- **Work request**
Only those lines in the data below from the line containing "complex_of_real (n $ 2)" through the line containing "(* Let $(\mathfrak", both included, should be restated word for word.

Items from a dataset
section \<open>Counting\<close>

lemma card_le_of_separated:
  fixes T :: "'a \<Rightarrow> real"
  assumes "0 < \<delta>" and range: "\<forall>x\<in>A. T x \<in> {0..1}"
    and separated: "\<forall>x\<in>A. \<forall>y\<in>A. x \<noteq> y \<longrightarrow> \<delta> \<le> \<bar>T x - T y\<bar>"
  shows "real (card A) \<le> 1 / \<delta> + 1"
proof -
  define key where "key x = nat \<lfloor>T x / \<delta>\<rfloor>" for x
  have "inj_on key A"
  proof (rule inj_onI, rule ccontr)
    fix x y assume "x \<in> A" "y \<in> A" "key x = key y" "x \<noteq> y"
    moreover have "0 \<le> \<lfloor>T x / \<delta>\<rfloor>" "0 \<le> \<lfloor>T y / \<delta>\<rfloor>"
      using range \<open>x \<in> A\<close> \<open>y \<in> A\<close> \<open>0 < \<delta>\<close> by auto
    ultimately have "\<lfloor>T x / \<delta>\<rfloor> = \<lfloor>T y / \<delta>\<rfloor>"
      unfolding key_def by (metis eq_nat_nat_iff)
    then have "\<bar>T x / \<delta> - T y / \<delta>\<bar> < 1"
      by linarith
    then have "\<bar>T x - T y\<bar> < \<delta>"
      using \<open>0 < \<delta>\<close> by (simp add: abs_divide flip: diff_divide_distrib)
    with separated \<open>x \<in> A\<close> \<open>y \<in> A\<close> \<open>x \<noteq> y\<close> show False
      by fastforce
  qed
  moreover have "key ` A \<subseteq> {..nat \<lfloor>1 / \<delta>\<rfloor>}"
    using range \<open>0 < \<delta>\<close> by (auto simp: key_def divide_right_mono intro!: nat_mono floor_mono)
  ultimately have "card A \<le> card {..nat \<lfloor>1 / \<delta>\<rfloor>}"
    by (rule card_inj_on_le) simp
  moreover have "real (nat \<lfloor>1 / \<delta>\<rfloor>) \<le> 1 / \<delta>"
    using \<open>0 < \<delta>\<close> of_int_floor_le[of "1 / \<delta>"] by simp
  ultimately show ?thesis
    by simp
qed

lemma card_le_of_exposed_concurrent_aligned:
  assumes "0 < \<sigma>" "exposed d \<sigma> L" "x0 \<in> \<Inter>L"
    and ends: "\<forall>s\<in>L. P s \<in> Rd d \<and> Q s \<in> Rd d \<and> P s \<noteq> Q s \<and> seg (P s) (Q s) = s"
    and dirs: "\<forall>s\<in>L. \<forall>s'\<in>L.
      enorm d (\<lambda>i. unit_dir d (P s) (Q s) i - unit_dir d (P s') (Q s') i) \<le> \<sigma> / 2"
  shows "real (card L) \<le> 2 / \<sigma> + 1"
proof -
  have "\<forall>s\<in>L. \<exists>t. t \<in> {0..1} \<and> x0 = seg_point (P s) (Q s) t"
    using ends \<open>x0 \<in> \<Inter>L\<close> by (metis Inter_iff imageE seg_eq_image)
  then obtain T where T: "\<forall>s\<in>L. T s \<in> {0..1} \<and> x0 = seg_point (P s) (Q s) (T s)"
    by metis
  define len where "len s = enorm d (\<lambda>i. Q s i - P s i)" for s
  have sep_shorter: "\<sigma> / 2 \<le> \<bar>T s - T s'\<bar>"
    if "s \<in> L" "s' \<in> L" "s \<noteq> s'" "len s' \<le> len s" for s s'
  proof (rule ccontr)
    assume "\<not> \<sigma> / 2 \<le> \<bar>T s - T s'\<bar>"
    moreover have "seg_point (P s) (Q s) (T s) = seg_point (P s') (Q s') (T s')"
      using T that by (metis (no_types))
    ultimately have "shadows d \<sigma> (seg (P s) (Q s)) (seg (P s') (Q s'))"
      using that T ends dirs enorm_diff_pos[of "P s'" d "Q s'"]
      by (intro shadows_shorter_seg[where t = "T s" and t' = "T s'"]) (auto simp: len_def)
    with \<open>exposed d \<sigma> L\<close> that ends show False
      unfolding exposed_def by metis
  qed
  have "\<forall>s\<in>L. \<forall>s'\<in>L. s \<noteq> s' \<longrightarrow> \<sigma> / 2 \<le> \<bar>T s - T s'\<bar>"
    by (metis sep_shorter abs_minus_commute le_cases)
  with T \<open>0 < \<sigma>\<close> have "real (card L) \<le> 1 / (\<sigma> / 2) + 1"
    by (intro card_le_of_separated) auto
  then show ?thesis
    by simp
qed

lemma two_div_plus_one_le:
  fixes \<sigma> :: real
  assumes "0 < \<sigma>" "\<sigma> \<le> 1"
  shows "2 / \<sigma> + 1 \<le> 3 / \<sigma>\<^sup>2"
proof -
  have "\<sigma>\<^sup>2 \<le> \<sigma>"
    using assms by (simp add: power2_eq_square mult_left_le_one_le)
  then have "2 / \<sigma> \<le> 2 / \<sigma>\<^sup>2"
    using assms by (intro frac_le) auto
  moreover have "1 \<le> 1 / \<sigma>\<^sup>2"
    using assms by (simp add: power_le_one)
  ultimately show ?thesis
    by (simp add: add_divide_distrib[symmetric])
qed
(* Let $\rho_{\mathrm W}=\frac{1-\eta}{4}\mathbb{1}\otimes\mathbb{1}+\eta|\psi^-\rangle\langle\psi^-|$ be the two-qubit Werner state, where $|\psi^-\rangle=\frac{1}{\sqrt2}(|01\rangle-|10\rangle)$ and $\eta\in[0,1]$. Let $\pm\vec n_1,\dots,\pm\vec n_6$ be the 12 vertices of a regular icosahedron inscribed in the unit sphere of $\mathbb{R}^3$. Suppose the assemblage generated on Bob's side by Alice's six projective measurements of the observables $\vec n_k\cdot\vec\sigma$, $k=1,\dots,6$, admits a local hidden state model. Then $$\eta\le \frac{3+\sqrt5}{3(1+\sqrt5)}\approx 0.5393.$$
   Context: $\vec\sigma=(\sigma_x,\sigma_y,\sigma_z)$ denotes the vector of Pauli matrices. A local hidden state model for an assemblage $\{\sigma_{i|X}\}$ means that there exist: - a probability distribution $\{\kappa_\lambda\}$, - response distributions $p^{(\lambda)}_i(x)$, - qubit density matrices $\rho^{(\lambda)}$, such that $\sigma_{i|X}=\sum_\lambda\kappa_\lambda p^{(\lambda)}_i(x)\rho^{(\lambda)}$ for every measurement $X$ in the given set and every outcome $i$. The assemblage is defined by $\sigma_{i|X}=\mathrm{Tr}_A[(\Pi^X_i\otimes\mathbb{1})\rho_{\mathrm W}]$, where $\Pi^X_i$ are the eigenprojectors of the observable $X$. *)

theory Defs
  imports "Jordan_Normal_Form.Matrix" "Jordan_Normal_Form.Conjugate"
begin

(* Qubit operators are complex 2x2 matrices; two-qubit operators are 4x4 matrices
   in the product basis |ab> = e_(2a+b), a = Alice's qubit, b = Bob's qubit. *)

definition sigma_x :: "complex mat" where
  "sigma_x = mat_of_rows_list 2 [[0, 1], [1, 0]]"
definition sigma_y :: "complex mat" where
  "sigma_y = mat_of_rows_list 2 [[0, - \<i>], [\<i>, 0]]"
definition sigma_z :: "complex mat" where
  "sigma_z = mat_of_rows_list 2 [[1, 0], [0, -1]]"

definition n_dot_sigma :: "real vec \<Rightarrow> complex mat" where
  "n_dot_sigma n = complex_of_real (n $ 0) \<cdot>\<^sub>m sigma_x + complex_of_real (n $ 1) \<cdot>\<^sub>m sigma_y
                   + complex_of_real (n $ 2) \<cdot>\<^sub>m sigma_z"

(* eigenprojectors of n.sigma (|n| = 1): outcome i=0 <-> eigenvalue +1, i=1 <-> eigenvalue -1 *)
definition eig_proj :: "real vec \<Rightarrow> nat \<Rightarrow> complex mat" where
  "eig_proj n i = (1/2) \<cdot>\<^sub>m (1\<^sub>m 2 + (if i = 0 then 1 else -1) \<cdot>\<^sub>m n_dot_sigma n)"

definition kron :: "complex mat \<Rightarrow> complex mat \<Rightarrow> complex mat" where
  "kron A B = mat (dim_row A * dim_row B) (dim_col A * dim_col B)
     (\<lambda>(i, j). A $$ (i div dim_row B, j div dim_col B) * B $$ (i mod dim_row B, j mod dim_col B))"
(* Let $(\mathfrak g,\mathfrak g^*,E)$ be an ENL bialgebra, let $\mathfrak d=\mathfrak g\bowtie\mathfrak g^*$ be its Drinfel'd double and $\mathfrak d^*_r$ the dual Lie algebra defined below. Then $(\mathfrak d,\mathfrak d^*_r,\mathfrak E)$ is an ENL bialgebra, where $\mathfrak E:\mathfrak g\oplus\mathfrak g^*\to\mathfrak g\oplus\mathfrak g^*$, $\mathfrak E(x+\xi)=Ex+E^*\xi$ (with dual map $\mathfrak E^*(\xi+x)=E^*\xi+Ex$ on $\mathfrak d^*\cong\mathfrak g^*\oplus\mathfrak g$).
   Context: Vector spaces are finite-dimensional over an algebraically closed field of characteristic zero. An ENL algebra is a Lie algebra with linear $E$ satisfying $E[x,y]=[x,Ey]$ for all $x,y$. A Lie bialgebra $(\mathfrak g,\mathfrak g^* )$ consists of Lie brackets on $\mathfrak g$ and $\mathfrak g^*$ such that the map $\Delta:\mathfrak g\to\mathfrak g\otimes\mathfrak g$ dual to $[\cdot,\cdot]_{\mathfrak g^*}$ satisfies $\Delta([x,y])=(\mathrm{ad}_x\otimes\mathrm{Id}+\mathrm{Id}\otimes\mathrm{ad}_x)\Delta(y)-(\mathrm{ad}_y\otimes\mathrm{Id}+\mathrm{Id}\otimes\mathrm{ad}_y)\Delta(x)$. An ENL bialgebra $(\mathfrak g,\mathfrak g^*,E)$ is a Lie bialgebra such that $(\mathfrak g,E)$ and $(\mathfrak g^*,E^* )$ are ENL algebras ($E^*$ the dual map). The Drinfel'd double $\mathfrak d=\mathfrak g\bowtie\mathfrak g^*$ is $\mathfrak g\oplus\mathfrak g^*$ with bracket $[x+\xi,y+\eta]=([x,y]_{\mathfrak g}+\mathfrak{ad}^*_\xi y-\mathfrak{ad}^*_\eta x)+([\xi,\eta]_{\mathfrak g^*}+\mathrm{ad}^*_x\eta-\mathrm{ad}^*_y\xi)$, where $\langle\mathrm{ad}^*_x\xi,y\rangle=-\langle\xi,[x,y]_{\mathfrak g}\rangle$ and $\langle\mathfrak{ad}^*_\xi x,\eta\rangle=-\langle x,[\xi,\eta]_{\mathfrak g^*}\rangle$. With $r=\sum_i e_i\otimes\xi_i$ for dual bases, $\mathfrak d^*_r$ is $\mathfrak d^*\cong\mathfrak g^*\oplus\mathfrak g$ with bracket $[\xi+x,\eta+y]_r=(-[\xi,\eta]_{\mathfrak g^*},[x,y]_{\mathfrak g})$; it is known that $(\mathfrak d,\mathfrak d^*_r)$ is a (quasi-triangular) Lie bialgebra. The claim thus means $\mathfrak E$ is equivariant on $\mathfrak d$ and $\mathfrak E^*$ is equivariant on $\mathfrak d^*_r$. *)

theory Defs
  imports Main "HOL-Computational_Algebra.Polynomial"
begin

text \<open>Finite-dimensional vector spaces are modelled in coordinates: a space of
dimension card 'n is the type 'n => 'k with 'n a finite index type.
The dual space is modelled by the same type, with the canonical pairing.\<close>

definition alg_closed :: "'k::field itself \<Rightarrow> bool" where
  "alg_closed _ \<longleftrightarrow> (\<forall>p :: 'k poly. 0 < degree p \<longrightarrow> (\<exists>x. poly p x = 0))"

definition vzero :: "'n \<Rightarrow> 'k::field" where "vzero = (\<lambda>_. 0)"
definition vadd :: "('n \<Rightarrow> 'k::field) \<Rightarrow> ('n \<Rightarrow> 'k) \<Rightarrow> ('n \<Rightarrow> 'k)" where
  "vadd x y = (\<lambda>i. x i + y i)"
definition vsub :: "('n \<Rightarrow> 'k::field) \<Rightarrow> ('n \<Rightarrow> 'k) \<Rightarrow> ('n \<Rightarrow> 'k)" where
  "vsub x y = (\<lambda>i. x i - y i)"
definition vscale :: "'k::field \<Rightarrow> ('n \<Rightarrow> 'k) \<Rightarrow> ('n \<Rightarrow> 'k)" where
  "vscale c x = (\<lambda>i. c * x i)"

definition delta :: "'n \<Rightarrow> 'n \<Rightarrow> 'k::field" where
  "delta j = (\<lambda>i. if i = j then 1 else 0)"

definition pair :: "('n::finite \<Rightarrow> 'k::field) \<Rightarrow> ('n \<Rightarrow> 'k) \<Rightarrow> 'k" where
  "pair f x = (\<Sum>i\<in>UNIV. f i * x i)"

definition linear_map :: "(('n \<Rightarrow> 'k::field) \<Rightarrow> ('m \<Rightarrow> 'k)) \<Rightarrow> bool" where
  "linear_map f \<longleftrightarrow> (\<forall>x y. f (vadd x y) = vadd (f x) (f y)) \<and> (\<forall>c x. f (vscale c x) = vscale c (f x))"

definition bilinear_map :: "(('n \<Rightarrow> 'k::field) \<Rightarrow> ('n \<Rightarrow> 'k) \<Rightarrow> ('n \<Rightarrow> 'k)) \<Rightarrow> bool" where
  "bilinear_map b \<longleftrightarrow> (\<forall>x. linear_map (b x)) \<and> (\<forall>y. linear_map (\<lambda>x. b x y))"
text \<open>For a family \<open>D\<close> of r-sets, a vertex u has exactly \<open>|D| - |{B \<in> D. B meets u}|\<close>
  neighbours in \<open>D\<close>. Building u greedily, one new point per step that lies in a member of \<open>D\<close>
  not yet met, gives a vertex meeting \<open>min |D| r\<close> members, so a k-tuple total dominating set
  has at least k + r elements. If such a set of size k + r had two members sharing a point x,
  starting the greedy construction from x would meet r + 1 members, leaving only k - 1
  neighbours. So the minimum sets are families of k + r pairwise disjoint r-subsets of [n],
  which exist iff n \<ge> r(k + r); conversely every such family is a k-tuple total dominating
  set, because an r-set meets at most r of its members.\<close>

definition meeting :: "'a set set \<Rightarrow> 'a set \<Rightarrow> 'a set set" where
  "meeting D u = {B \<in> D. B \<inter> u \<noteq> {}}"

lemma meeting_subset: "meeting D u \<subseteq> D"
  unfolding meeting_def by blast

lemma meeting_mono: "T \<subseteq> U \<Longrightarrow> meeting D T \<subseteq> meeting D U"
  unfolding meeting_def by blast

- **Solution for this problem**
                   + complex_of_real (n $ 2) \<cdot>\<^sub>m sigma_z"

(* eigenprojectors of n.sigma (|n| = 1): outcome i=0 <-> eigenvalue +1, i=1 <-> eigenvalue -1 *)
definition eig_proj :: "real vec \<Rightarrow> nat \<Rightarrow> complex mat" where
  "eig_proj n i = (1/2) \<cdot>\<^sub>m (1\<^sub>m 2 + (if i = 0 then 1 else -1) \<cdot>\<^sub>m n_dot_sigma n)"

definition kron :: "complex mat \<Rightarrow> complex mat \<Rightarrow> complex mat" where
  "kron A B = mat (dim_row A * dim_row B) (dim_col A * dim_col B)
     (\<lambda>(i, j). A $$ (i div dim_row B, j div dim_col B) * B $$ (i mod dim_row B, j mod dim_col B))"
(* Let $(\mathfrak g,\mathfrak g^*,E)$ be an ENL bialgebra, let $\mathfrak d=\mathfrak g\bowtie\mathfrak g^*$ be its Drinfel'd double and $\mathfrak d^*_r$ the dual Lie algebra defined below. Then $(\mathfrak d,\mathfrak d^*_r,\mathfrak E)$ is an ENL bialgebra, where $\mathfrak E:\mathfrak g\oplus\mathfrak g^*\to\mathfrak g\oplus\mathfrak g^*$, $\mathfrak E(x+\xi)=Ex+E^*\xi$ (with dual map $\mathfrak E^*(\xi+x)=E^*\xi+Ex$ on $\mathfrak d^*\cong\mathfrak g^*\oplus\mathfrak g$).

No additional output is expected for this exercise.